Peter Weinberg wrote an article titled Quantum Marketing for B2B Institute.
« For centuries, scientists believed that atoms worked like this: According to this model, the atom consists of a nucleus and a bunch of adorable little electrons, making neat, predictable circles around that nucleus. Scientists called this the planetary model. »
« And then came the strangest finding of all: sometimes an electron behaved as though it were in two different locations at the exact same time, in a so-called “quantum state.” A new model of the atom was born: the quantum model. »
« I find that many marketers seem to believe in what could be called a “planetary model” of B2B buying. According to this model, everything about B2B buying is totally predictable. »
« The problem is that the more I learn about B2B buying, the more I become convinced that it looks less like the planetary model and more like the quantum model. »
« For starters, there is no decision-maker. There is a distributed network of decision-makers and it’s hard to say who is calling the shots at any particular time. And new decision-makers are dipping in and out of the buying process, offering their opinions. Some of those opinions carry influence, some do not. And the needs of this network arise and disappear at random—sometimes it seems like a decision will be made tomorrow and then it’s pushed back a year. »

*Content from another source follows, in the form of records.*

lemma sym_trop_rank_attained:
  "\<exists>I J. I \<subseteq> {..<n} \<and> J \<subseteq> {..<n} \<and> card I = sym_trop_rank n A \<and> card J = sym_trop_rank n A
     \<and> \<not> sym_trop_singular A I J"
proof -
  let ?P = "\<lambda>r. \<exists>I J. I \<subseteq> {..<n} \<and> J \<subseteq> {..<n} \<and> card I = r \<and> card J = r \<and>
    \<not> sym_trop_singular A I J"
  have "\<not> sym_trop_singular A {} {}"
    by (simp add: sym_trop_singular_def monomial_def)
  then have "?P 0"
    by (intro exI[of _ "{}"]) simp
  then have "?P (Greatest ?P)"
    by (rule GreatestI_nat[where b = n]) (metis card_lessThan card_mono finite_lessThan)
  then show ?thesis
    unfolding sym_trop_rank_def .
qed

lemma sym_trop_singular_zero_2x2:
  fixes A :: "nat \<Rightarrow> nat \<Rightarrow> real"
  assumes "card I = 2" "card J = 2" and zero: "\<forall>i\<in>I. \<forall>j\<in>J. A i j = 0"
  shows "sym_trop_singular A I J"
proof -
  obtain a b where I: "I = {a, b}" "a \<noteq> b"
    using \<open>card I = 2\<close> card_2_iff by metis
  obtain c d where J: "J = {c, d}" "c \<noteq> d"
    using \<open>card J = 2\<close> card_2_iff by metis
  let ?\<rho>1 = "\<lambda>x. if x = a then c else if x = b then d else undefined"
  let ?\<rho>2 = "\<lambda>x. if x = a then d else if x = b then c else undefined"
  have bijs: "?\<rho>1 \<in> bijs I J" "?\<rho>2 \<in> bijs I J"
    using I J unfolding bijs_def bij_betw_def inj_on_def by (auto split: if_splits)
  have value_zero: "mon_value A I \<tau> = 0" if "\<tau> \<in> bijs I J" for \<tau>
    using that zero unfolding bijs_def mon_value_def by (auto intro!: sum.neutral dest: PiE_mem)
  have "{a, c} \<in># monomial I ?\<rho>1"
    using I by (simp add: monomial_def)
  moreover have "{a, c} \<notin># monomial I ?\<rho>2"
    using I J by (auto simp: monomial_def doubleton_eq_iff)
  ultimately have "monomial I ?\<rho>1 \<noteq> monomial I ?\<rho>2"
    by metis
  then show ?thesis
    unfolding sym_trop_singular_def using bijs value_zero by (intro bexI[of _ ?\<rho>1] bexI[of _ ?\<rho>2]) auto
qed
definition in_initial_scc :: "('a \<times> 'a) set \<Rightarrow> 'a \<Rightarrow> bool" where
  "in_initial_scc A w \<longleftrightarrow> (\<forall>y. (y, w) \<in> A\<^sup>* \<longrightarrow> (w, y) \<in> A\<^sup>*)"

lemma in_initial_scc_exists:
  assumes V: "finite V" "A \<subseteq> V \<times> V" and "x \<in> V"
  obtains w where "w \<in> V" "in_initial_scc A w"
proof -
  define anc where "anc w = {y. (y, w) \<in> A\<^sup>*}" for w
  have anc_V: "anc w \<subseteq> V" if "w \<in> V" for w
    unfolding anc_def using rtrancl_source_mem[OF _ V(2) that] by blast
  obtain w where w: "w \<in> V" and least: "\<And>y. y \<in> V \<Longrightarrow> card (anc w) \<le> card (anc y)"
    using ex_has_least_nat[of "\<lambda>w. w \<in> V" x "\<lambda>w. card (anc w)"] \<open>x \<in> V\<close> by blast
  have "in_initial_scc A w"
    unfolding in_initial_scc_def
  proof (intro allI impI)
    fix y assume yw: "(y, w) \<in> A\<^sup>*"
    then have "y \<in> V" using rtrancl_source_mem[OF _ V(2) w] by blast
    moreover have "anc y \<subseteq> anc w"
      unfolding anc_def using yw by (auto intro: rtrancl_trans)
    ultimately have "anc y = anc w"
      using least V(1) anc_V w by (meson card_seteq finite_subset)
    then show "(w, y) \<in> A\<^sup>*" unfolding anc_def by blast
  qed
  with w that show thesis by blast
qed

lemma in_initial_scc_T1_edge:
  assumes "T1 \<subseteq> {..<n} \<times> {..<d}" "T2 \<subseteq> {..<n} \<times> {..<d}" "compatible n d T1 T2"
    and w: "in_initial_scc (alt_arcs T1 T2) w"
    and ij: "(i, j) \<in> T1" and jw: "(Inr j, w) \<in> (alt_arcs T1 T2)\<^sup>*"
  shows "(i, j) \<in> T2" and "(Inl i, w) \<in> (alt_arcs T1 T2)\<^sup>*"
proof -
  show iw: "(Inl i, w) \<in> (alt_arcs T1 T2)\<^sup>*"
    using converse_rtrancl_into_rtrancl[of "Inl i" "Inr j"] ij jw by simp
  with w jw have "(Inr j, Inl i) \<in> (alt_arcs T1 T2)\<^sup>*"
    unfolding in_initial_scc_def by (blast intro: rtrancl_trans)
  then show "(i, j) \<in> T2"
    using compatible_T1_only_edge_not_on_cycle[OF assms(1-3) ij] by blast
qed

« If you choose the planetary model, you are managing a predictable buying process. »
« But what if you choose the quantum model and decide that the buying process is unpredictable? Well, then you need a very different approach. You manage predictability with precision. But you manage unpredictability with probabilities. You consider all potential scenarios and design for all eventualities. »
« Quantum marketing is all about broad, probabilistic thinking. In quantum marketing, you don’t reach exactly the right buyer. You reach anyone who could potentially buy, in either the short-term or in the long-term. You don’t design specific creative for specific buyers. You design creative that’s potentially relevant to a massive set of customers. And you don’t deliver that message at a specific moment in time. You deliver it all the time, so that you never miss a moment.
That’s quantum targeting, quantum creative, and quantum timing. »
« So those marketing directors you want to reach? Well, the marketing directors of tomorrow work somewhere else today—at an agency or in an ad sales role. That IT manager? Right now, he’s just a junior IT specialist. That CFO? She hasn’t gone in-house yet; she works at a bank. People change jobs over time. That’s a simple truth that matters in B2B. It’s why hyper-targeted B2B tactics, including some forms of account-based marketing, are, by definition, not capable of driving long-term growth. Hyper-targeting is short-term because it excludes future buyers. »
« personalized creative only makes sense if you understand people’s tastes on a personal level—if you know precisely what creative will resonate with a specific person. The problem is… nobody knows that! »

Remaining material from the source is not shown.